Key Concepts in AI Labeling

Oracle Spatial Studio provides a labeling environment that integrates tightly with Spatial AI for preparing geospatial raster data for deep learning.

This section introduces key concepts used in AI Labeling.

Geospatial Raster

A geospatial raster is an image composed of a grid of pixels, each tied to a specific location on the Earth’s surface. In AI Labeling, geospatial rasters are the raw input for deep learning workflows. They may be georeferenced (tied to real-world coordinates) or non-georeferenced (treated as plain images).

Also, note that:

  • Geospatial rasters stored in OCI Object Storage are accessed as collections of raster chips, each chip being a separate image used for labeling.
  • Large geospatial rasters stored as GeoRaster objects in Oracle Spatial can be split into chips when creating a project in Spatial Studio, where the user defines the chip size for labeling and deep learning processing.
Chip

A chip is a smaller portion of a geospatial raster image and the basic unit of work in AI Labeling. Chips make it possible to apply machine learning and deep learning techniques to very large geospatial rasters by dividing them into manageable pieces.

In Spatial Studio, users label chips directly. These labeled chips provide the training data for deep learning models.

Label

A label assigns semantic meaning to geospatial raster data. In AI Labeling, labels can be:

  • Feature-based: Attached to specific regions in a chip, such as buildings, roads, or vegetation.
  • Chip-based: Applied to the entire chip, used for image classification (for example, labeling a chip as urban, forest, or water).

Labels are the ground truth used to train machine learning and deep learning models. They can be created manually in Spatial Studio, imported in supported formats, or generated automatically.

Auto-labeling

Auto-labeling is the process of automatically generating labels without manual drawing. It uses known features from maps to label geospatial raster chips. In Spatial Studio, auto-labeling can be performed in two ways:

  • Auto-labeling with Oracle-managed data: Uses an Oracle-managed set of supported feature types (such as buildings or water). These features are mapped to the label categories defined in the project.
  • Auto-labeling with user-managed data: Uses user-managed data containing SDO_GEOMETRY objects (that is, features) to generate labels aligned with geospatial raster chips.
Labeling Types

AI Labeling in Spatial Studio supports different labeling types, depending on the machine learning or deep learning task:

Image Classification

A single label is applied to an entire geospatial raster chip (for example, urban, forest, water).

Object Detection

Labels are applied to bounding boxes that mark the location and type of objects within a geospatial raster chip (for example, detecting buildings or vehicles).

Semantic Segmentation

Labels are applied at the pixel level, assigning each pixel in a geospatial raster chip to a category (for example, distinguishing between vegetation, road, and water areas).

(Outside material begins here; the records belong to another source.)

(* Let $0<t\le k<n$, $w=n-k$, $M=\binom{n}{t}/\binom{k}{t}$, and suppose $C$ is an $(n,w,n-t+1)_q$ code of size $M$. Then: (i) $C$ is a diameter perfect code in $J_q(n,w)$ (it attains $|C|\cdot|A''_q(n,w,t)|=|J_q(n,w)|$); (ii) the complements (in $[n]$) of the supports of the codewords of $C$ are the blocks of a Steiner system $S(t,k,n)$; (iii) setting $$R=\frac{\binom{n}{t}}{\binom{k}{t}}-\frac{\binom{n-1}{t-1}}{\binom{k-1}{t-1}},\quad a=\Big\lfloor\frac{R}{q-1}\Big\rfloor,\quad b=R-a(q-1),\quad \widetilde P=\frac{M}{2n}\sum_{i=0}^{t-2}(t-1-i)\Lambda_i(t,k,n),$$ it holds that $(q-1)\binom{a}{2}+ba\le\lfloor\widetilde P\rfloor$; (iii') in particular, $q-1\ge R-\lfloor\widetilde P\rfloor$.
   Context: $\mathbb{Z}_q=\{0,\dots,q-1\}$ (an alphabet); $\mathrm{supp}(x)$ = set of nonzero coordinates, $\mathrm{wt}=|\mathrm{supp}|$; $d$ = Hamming distance; $J_q(n,w)$ = weight-$w$ words of $\mathbb{Z}_q^n$. An $(n,w,d)_q$ code of size $M$ is a subset $C\subseteq J_q(n,w)$ with $|C|=M$ and pairwise distances at least $d$; it is diameter perfect if $|C|\cdot|A|=|J_q(n,w)|$ for some anticode $A$ (set with all pairwise distances at most $D$) of diameter $D<d$. $A''_q(n,w,t)=\{a\in\mathbb{Z}_q^n: a_1=\dots=a_t=0,\ \mathrm{wt}((a_{t+1},\dots,a_n))=w\}$, an anticode of diameter $n-t$. A Steiner system $S(t,k,n)$ is a pair $(N,B)$, $|N|=n$, $B$ a set of $k$-subsets (blocks) with every $t$-subset in exactly one block. $\Lambda_i(t,k,n)=\binom{k}{i}\lambda_{i,k-i}$ (the number of blocks of an $S(t,k,n)$ meeting a fixed block in exactly $i$ points), where $\lambda_{i,j}$ ($0\le i+j\le k$) are defined by $\lambda_{i,0}=\binom{n-i}{t-i}/\binom{k-i}{t-i}$ for $0\le i\le t$, $\lambda_{i,0}=1$ for $t<i\le k$, and $\lambda_{i,j}=\lambda_{i,j-1}-\lambda_{i+1,j-1}$ for $0\le i<i+j\le k$. *)

theory Defs
  imports Complex_Main
begin

text \<open>Words of length n over the alphabet Z_q = {0..q-1}, coordinates indexed 0..n-1,
  represented as functions nat => nat that vanish outside {0..<n}.\<close>

definition words :: "nat \<Rightarrow> nat \<Rightarrow> (nat \<Rightarrow> nat) set" where
  "words q n = {x. (\<forall>i<n. x i < q) \<and> (\<forall>i\<ge>n. x i = 0)}"

definition supp :: "nat \<Rightarrow> (nat \<Rightarrow> nat) \<Rightarrow> nat set" where
  "supp n x = {i\<in>{..<n}. x i \<noteq> 0}"

definition wt :: "nat \<Rightarrow> (nat \<Rightarrow> nat) \<Rightarrow> nat" where
  "wt n x = card (supp n x)"

definition hdist :: "nat \<Rightarrow> (nat \<Rightarrow> nat) \<Rightarrow> (nat \<Rightarrow> nat) \<Rightarrow> nat" where
  "hdist n x y = card {i\<in>{..<n}. x i \<noteq> y i}"

definition J :: "nat \<Rightarrow> nat \<Rightarrow> nat \<Rightarrow> (nat \<Rightarrow> nat) set" where
  "J q n w = {x\<in>words q n. wt n x = w}"

definition const_weight_code :: "nat \<Rightarrow> nat \<Rightarrow> nat \<Rightarrow> nat \<Rightarrow> (nat \<Rightarrow> nat) set \<Rightarrow> bool" where
  "const_weight_code q n w d C \<longleftrightarrow> C \<subseteq> J q n w \<and>
     (\<forall>x\<in>C. \<forall>y\<in>C. x \<noteq> y \<longrightarrow> d \<le> hdist n x y)"

definition anticode :: "nat \<Rightarrow> nat \<Rightarrow> nat \<Rightarrow> nat \<Rightarrow> (nat \<Rightarrow> nat) set \<Rightarrow> bool" where
  "anticode q n w D A \<longleftrightarrow> A \<subseteq> J q n w \<and> (\<forall>x\<in>A. \<forall>y\<in>A. hdist n x y \<le> D)"

definition diameter_perfect :: "nat \<Rightarrow> nat \<Rightarrow> nat \<Rightarrow> nat \<Rightarrow> (nat \<Rightarrow> nat) set \<Rightarrow> bool" where
  "diameter_perfect q n w d C \<longleftrightarrow> const_weight_code q n w d C \<and>
     (\<exists>A D. anticode q n w D A \<and> D < d \<and> card C * card A = card (J q n w))"

definition A2 :: "nat \<Rightarrow> nat \<Rightarrow> nat \<Rightarrow> nat \<Rightarrow> (nat \<Rightarrow> nat) set" where
  "A2 q n w t = {a\<in>words q n. (\<forall>i<t. a i = 0) \<and> card {i. t \<le> i \<and> i < n \<and> a i \<noteq> 0} = w}"

definition steiner :: "nat \<Rightarrow> nat \<Rightarrow> nat \<Rightarrow> 'a set \<Rightarrow> 'a set set \<Rightarrow> bool" where
  "steiner t k n N B \<longleftrightarrow> finite N \<and> card N = n \<and> (\<forall>b\<in>B. b \<subseteq> N \<and> card b = k) \<and>
     (\<forall>T. T \<subseteq> N \<and> card T = t \<longrightarrow> (\<exists>!b. b \<in> B \<and> T \<subseteq> b))"

text \<open>lambda_{i,j} for S(t,k,n); only meaningful for 0 <= i+j <= k.\<close>
fun lam :: "nat \<Rightarrow> nat \<Rightarrow> nat \<Rightarrow> nat \<Rightarrow> nat \<Rightarrow> real" where
  "lam t k n i 0 = (if i \<le> t then real ((n - i) choose (t - i)) / real ((k - i) choose (t - i)) else 1)"
| "lam t k n i (Suc j) = lam t k n i j - lam t k n (Suc i) j"

definition Lam :: "nat \<Rightarrow> nat \<Rightarrow> nat \<Rightarrow> nat \<Rightarrow> real" where
  "Lam t k n i = real (k choose i) * lam t k n i (k - i)"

Sparse Labeling (variant of Semantic Segmentation)

Instead of labeling all pixels, only a subset of pixels is labeled across the geospatial raster chip (for example, annotating key sample points of roads or vegetation). This approach reduces annotation effort while still guiding model training.

Instance Segmentation

Similar to semantic segmentation, but separates individual objects of the same category (for example, labeling multiple distinct trees within the same chip).

Nested Labels (Object Detection & Instance Segmentation)

For the project types discussed under "Labeling Types", it is also possible to assign additional labels or attributes per instance. For example, in instance segmentation of buildings, each building polygon can include nested information such as height, usage, or other classification labels. This extends the concept of image classification to the level of individual detected objects.